TRY IT
Count every line below containing "bbar"; state the number only.

Top of RECORDS FOR THE TASK

(* Let $(\mathcal V,\mathcal W,\lambda)$ be a FTvN system with $\dim(\mathcal V)\ge2$, and let $C$ be its center. Then $C=\{0\}$ under either of the following conditions: (i) for $x,y\in\mathcal V$, $\langle\lambda(x),\lambda(y)\rangle=0$ implies $x=0$ or $y=0$; (ii) for $x,y\in\mathcal V$, $0=\langle x,y\rangle=\langle\lambda(x),\lambda(y)\rangle$ implies $x=0$ or $y=0$.
   Context: A Fan-Theobald-von Neumann (FTvN) system is a triple $(\mathcal V,\mathcal W,\lambda)$ where $\mathcal V,\mathcal W$ are real inner product spaces and $\lambda:\mathcal V\to\mathcal W$ is a map such that: (A1) $\|\lambda(x)\|=\|x\|$ for all $x$; (A2) $\langle x,y\rangle\le\langle\lambda(x),\lambda(y)\rangle$ for all $x,y$; (A3) for every $c\in\mathcal V$ and $q\in\lambda(\mathcal V)$ there exists $x$ with $\lambda(x)=q$ and $\langle c,x\rangle=\langle\lambda(c),\lambda(x)\rangle$. Elements $x,y$ commute if $\langle x,y\rangle=\langle\lambda(x),\lambda(y)\rangle$; the center $C$ is the set of elements commuting with every element of $\mathcal V$. *)

theory Defs
  imports "HOL-Analysis.Analysis"
begin

definition FTvN :: "('v::real_inner \<Rightarrow> 'w::real_inner) \<Rightarrow> bool" where
  "FTvN lam \<longleftrightarrow>
     (\<forall>x. norm (lam x) = norm x) \<and>
     (\<forall>x y. inner x y \<le> inner (lam x) (lam y)) \<and>
     (\<forall>c q. q \<in> range lam \<longrightarrow> (\<exists>x. lam x = q \<and> inner c x = inner (lam c) (lam x)))"

definition commute :: "('v::real_inner \<Rightarrow> 'w::real_inner) \<Rightarrow> 'v \<Rightarrow> 'v \<Rightarrow> bool" where
  "commute lam x y \<longleftrightarrow> inner x y = inner (lam x) (lam y)"

definition center :: "('v::real_inner \<Rightarrow> 'w::real_inner) \<Rightarrow> 'v set" where
  "center lam = {c. \<forall>x. commute lam c x}"

end

theory Submission
  imports Defs
begin

(* A central element c commutes with every x, so any x orthogonal to c also has
   <lam c, lam x> = 0. When dim V >= 2 some nonzero x is orthogonal to c, and
   condition (ii), which is implied by (i), then forces c = 0. *)

lemma FTvN_zero:
  assumes "FTvN lam"
  shows "lam 0 = 0"
  using assms unfolding FTvN_def by (metis norm_eq_zero)

lemma zero_in_center:
  assumes "FTvN lam"
  shows "0 \<in> center lam"
  using FTvN_zero[OF assms] unfolding center_def commute_def by simp

lemma center_commute_orthogonal:
  assumes "c \<in> center lam" "inner c x = 0"
  shows "inner (lam c) (lam x) = 0"
  using assms unfolding center_def commute_def by simp

lemma exists_nonzero_orthogonal:
  fixes a b c :: "'a::real_inner"
  assumes "a \<noteq> b" "independent {a, b}"
  obtains x where "x \<noteq> 0" "inner c x = 0"
proof (cases "inner c b = 0")
  case True
  moreover have "b \<noteq> 0"
    using assms(2) by (auto simp: dependent_zero)
  ultimately show ?thesis using that by blast
next
  case False
  let ?x = "a - (inner c a / inner c b) *\<^sub>R b"
  have "a \<notin> span {b}"
    using assms by (simp add: independent_insert)
  then have "?x \<noteq> 0"
    by (metis eq_iff_diff_eq_0 span_base span_mul singletonI)
  moreover have "inner c ?x = 0"
    using False by (simp add: inner_diff_right)
  ultimately show ?thesis using that by blast
qed

lemma center_eq_zero_if_no_orthogonal_commuting_pair:
  fixes lam :: "'v::real_inner \<Rightarrow> 'w::real_inner"
  assumes "FTvN lam"
    and "a \<noteq> b" "independent {a, b::'v}"
    and trivial: "\<And>x y. inner x y = 0 \<Longrightarrow> inner (lam x) (lam y) = 0 \<Longrightarrow> x = 0 \<or> y = 0"
  shows "center lam = {0}"
proof -
  have "c = 0" if "c \<in> center lam" for c
  proof -
    obtain x where "x \<noteq> 0" "inner c x = 0"
      using exists_nonzero_orthogonal[OF assms(2,3)] by blast
    with \<open>c \<in> center lam\<close> show "c = 0"
      using trivial center_commute_orthogonal by blast
  qed
  with zero_in_center[OF assms(1)] show ?thesis by blast
qed

theorem proposition6p8:
  fixes lam :: "'v::real_inner \<Rightarrow> 'w::real_inner"
  assumes "FTvN lam"
    and "\<exists>a b::'v. a \<noteq> b \<and> independent {a, b}"
    and "(\<forall>x y. inner (lam x) (lam y) = 0 \<longrightarrow> x = 0 \<or> y = 0)
       \<or> (\<forall>x y. inner x y = 0 \<and> inner (lam x) (lam y) = 0 \<longrightarrow> x = 0 \<or> y = 0)"
  shows "center lam = {0}"
proof -
  obtain a b :: 'v where "a \<noteq> b" "independent {a, b}"
    using assms(2) by blast
  moreover have "\<And>x y. inner x y = 0 \<Longrightarrow> inner (lam x) (lam y) = 0 \<Longrightarrow> x = 0 \<or> y = 0"
    using assms(3) by blast
  ultimately show ?thesis
    using center_eq_zero_if_no_orthogonal_commuting_pair[OF assms(1)] by blast
qed

end
lemma posterior_mem_dists_with_mean: "posterior y \<in> dists_with_mean K (postmean_NM K p u s y)"
proof -
  define f where "f x = ennreal (normal_density (fst x) s y / (\<integral>x. normal_density (fst x) s y \<partial>P))"
    for x :: "real \<times> nat"
  have [measurable]: "f \<in> borel_measurable latent_space"
    unfolding f_def by measurable
  have A: "UNIV \<times> {1..K} \<in> sets latent_space"
    by (rule pair_measureI) auto
  have "emeasure (posterior y) (UNIV \<times> {1..K}) = (\<integral>\<^sup>+x. f x * indicator (UNIV \<times> {1..K}) x \<partial>P)"
    unfolding tilted_def f_def[symmetric] using A by (simp add: emeasure_density)
  also have "\<dots> = (\<integral>\<^sup>+x. f x \<partial>P)"
    using A by (subst (1 2) nn_integral_prior) (auto intro!: sum.cong nn_integral_cong simp: indicator_def)
  also have "\<dots> = emeasure (posterior y) (space (posterior y))"
    unfolding tilted_def f_def[symmetric] using sets.top[of P] by (simp add: emeasure_density)
  finally have "latent_dist K (posterior y)"
    using prob_space_tilted[OF likelihood_tilt_conditions] by (simp add: latent_dist_def prob_space.emeasure_space_1)
  moreover have int: "integrable P (\<lambda>x. normal_density (fst x) s y * fst x)"
    using integrable_fst_likelihood by (simp add: mult.commute)
  moreover have "integrable (posterior y) fst"
    by (rule integrable_tilted[OF likelihood_tilt_conditions _ int]) simp
  moreover have "(\<integral>x. fst x \<partial>posterior y) = postmean_NM K p u s y"
    unfolding integral_tilted[OF likelihood_tilt_conditions _ int, simplified] postmean_NM_def marg_NM_def
    by (simp add: mult.commute)
  ultimately show ?thesis
    by (simp add: dists_with_mean_def)
qed

lemma F1_NM_posterior: "F1_NM K p u s y (posterior y) = ereal (loglik_NM K p u s y)"
proof -
  interpret prob_space P by (rule prob_space_P)
  define c where "c = 1 / sqrt (2 * pi * s\<^sup>2)"
  have "\<bar>normal_density (fst x) s y * ln (normal_density (fst x) s y)\<bar> \<le> c * \<bar>ln c\<bar> + 1" for x
    using s_pos by (intro abs_mult_ln_le) (simp_all add: normal_density_pos normal_density_le c_def)
  then have "integrable P (\<lambda>x. normal_density (fst x) s y * ln (normal_density (fst x) s y))"
    by (intro integrable_const_bound[where B="c * \<bar>ln c\<bar> + 1"]) auto
  from Gibbs_variational_eq[OF likelihood_tilt_conditions this] show ?thesis
    by (simp only: F1_NM_def loglik_NM_def marg_NM_def)
qed

lemma F1_NM_le:
  assumes "latent_dist K q"
  shows "F1_NM K p u s y q \<le> ereal (loglik_NM K p u s y)"
proof -
  have "prob_space q" "sets q = sets P"
    using assms by (simp_all add: latent_dist_def)
  from Gibbs_variational_le[OF likelihood_tilt_conditions(1) this likelihood_tilt_conditions(2,3)
      normal_density_le[OF s_pos] likelihood_tilt_conditions(4)]
  show ?thesis
    by (simp only: F1_NM_def loglik_NM_def marg_NM_def)
qed

lemma rho_NM_lower_bound:
  "ereal (- s\<^sup>2 * loglik_NM K p u s y - 1/2 * (y - bbar)\<^sup>2) \<le> rho_NM K p u s bbar"
  unfolding rho_NM_eq_INF
proof (rule INF_greatest)
  fix q assume q: "q \<in> dists_with_mean K bbar"
  then have "- ereal (loglik_NM K p u s y) \<le> - F1_NM K p u s y q"
    using F1_NM_le[of q y] by (simp only: ereal_minus_le_minus dists_with_mean_def mem_Collect_eq)
  then have "ereal (- loglik_NM K p u s y)
      \<le> ereal (1 / (2 * s\<^sup>2) * (y - bbar)\<^sup>2) + ereal (1 / s\<^sup>2) * penalty_objective bbar q"
    by (simp only: minus_F1_NM_eq[OF q] uminus_ereal.simps)
  from ereal_le_affine_iff[THEN iffD1, OF _ this] s_pos
  have "ereal ((- loglik_NM K p u s y - 1 / (2 * s\<^sup>2) * (y - bbar)\<^sup>2) / (1 / s\<^sup>2))
      \<le> penalty_objective bbar q"
    by simp
  moreover have "(- loglik_NM K p u s y - 1 / (2 * s\<^sup>2) * (y - bbar)\<^sup>2) / (1 / s\<^sup>2)
      = - s\<^sup>2 * loglik_NM K p u s y - 1/2 * (y - bbar)\<^sup>2"
    using s_pos by (simp add: field_simps)
  ultimately show "ereal (- s\<^sup>2 * loglik_NM K p u s y - 1/2 * (y - bbar)\<^sup>2) \<le> penalty_objective bbar q"
    by simp
qed

lemma rho_NM_postmean:
  "rho_NM K p u s (postmean_NM K p u s y)
     = ereal (- s\<^sup>2 * loglik_NM K p u s y - 1/2 * (y - postmean_NM K p u s y)\<^sup>2)"
proof (rule antisym[OF _ rho_NM_lower_bound])
  let ?S = "postmean_NM K p u s y"
  have "ereal (- loglik_NM K p u s y) = - F1_NM K p u s y (posterior y)"
    by (simp add: F1_NM_posterior)
  then have "ereal (- loglik_NM K p u s y)
      = ereal (1 / (2 * s\<^sup>2) * (y - ?S)\<^sup>2) + ereal (1 / s\<^sup>2) * penalty_objective ?S (posterior y)"
    by (simp only: minus_F1_NM_eq[OF posterior_mem_dists_with_mean])
  from ereal_eq_affine_iff[THEN iffD1, OF _ this] s_pos
  have "penalty_objective ?S (posterior y)
      = ereal ((- loglik_NM K p u s y - 1 / (2 * s\<^sup>2) * (y - ?S)\<^sup>2) / (1 / s\<^sup>2))"
    by simp
  also have "(- loglik_NM K p u s y - 1 / (2 * s\<^sup>2) * (y - ?S)\<^sup>2) / (1 / s\<^sup>2)
      = - s\<^sup>2 * loglik_NM K p u s y - 1/2 * (y - ?S)\<^sup>2"
    using s_pos by (simp add: field_simps)
  finally have "penalty_objective ?S (posterior y)
      = ereal (- s\<^sup>2 * loglik_NM K p u s y - 1/2 * (y - ?S)\<^sup>2)" .
  moreover have "rho_NM K p u s ?S \<le> penalty_objective ?S (posterior y)"
    unfolding rho_NM_eq_INF by (rule INF_lower[OF posterior_mem_dists_with_mean])
  ultimately show "rho_NM K p u s ?S \<le> ereal (- s\<^sup>2 * loglik_NM K p u s y - 1/2 * (y - ?S)\<^sup>2)"
    by simp
qed

end

theorem mainTheorem7:
  fixes K :: nat and p u :: "nat \<Rightarrow> real" and s y :: real
  assumes K: "K \<ge> 1"
    and p_nonneg: "\<forall>k\<in>{1..K}. p k \<ge> 0"
    and p_sum: "(\<Sum>k\<in>{1..K}. p k) = 1"
    and u_nonneg: "\<forall>k\<in>{1..K}. u k \<ge> 0"
    and nondeg: "\<exists>k\<in>{1..K}. p k > 0 \<and> u k > 0"
    and s: "s > 0"
  shows "(\<forall>bbar. h1_NM K p u s y bbar
            = ereal (1 / (2 * s\<^sup>2) * (y - bbar)\<^sup>2) + ereal (1 / s\<^sup>2) * rho_NM K p u s bbar)
       \<and> (\<forall>z. rho_NM K p u s (postmean_NM K p u s z)
               = ereal (- s\<^sup>2 * loglik_NM K p u s z - 1/2 * (z - postmean_NM K p u s z)\<^sup>2)
            \<and> ((\<lambda>b. real_of_ereal (rho_NM K p u s b)) has_real_derivative (z - postmean_NM K p u s z))
                 (at (postmean_NM K p u s z))
            \<and> (loglik_NM K p u s has_real_derivative (- (z - postmean_NM K p u s z) / s\<^sup>2)) (at z))"
proof -
  interpret normal_scale_mixture K p u s
    using p_nonneg p_sum u_nonneg nondeg s by unfold_locales
  let ?S = "postmean_NM K p u s" and ?\<rho> = "\<lambda>b. real_of_ereal (rho_NM K p u s b)"
  have "(?\<rho> has_real_derivative (z - ?S z)) (at (?S z))" for z
  proof (rule envelope_has_real_derivative[where L="\<lambda>y. - s\<^sup>2 * loglik_NM K p u s y"])
    show "strict_mono ?S" "\<And>y. isCont ?S y"
      by (rule strict_mono_postmean_NM isCont_postmean_NM)+
    show "?\<rho> (?S y) = - s\<^sup>2 * loglik_NM K p u s y - (y - ?S y)\<^sup>2 / 2" for y
      by (simp add: rho_NM_postmean)
    show "- s\<^sup>2 * loglik_NM K p u s y - (y - ?S y')\<^sup>2 / 2 \<le> ?\<rho> (?S y')" for y y'
      using rho_NM_lower_bound[of y "?S y'"] by (simp add: rho_NM_postmean)
  qed
  then show ?thesis
    using h1_NM_eq rho_NM_postmean loglik_NM_has_real_derivative by blast
qed

end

Bottom of RECORDS FOR THE TASK

TASK ANSWER
10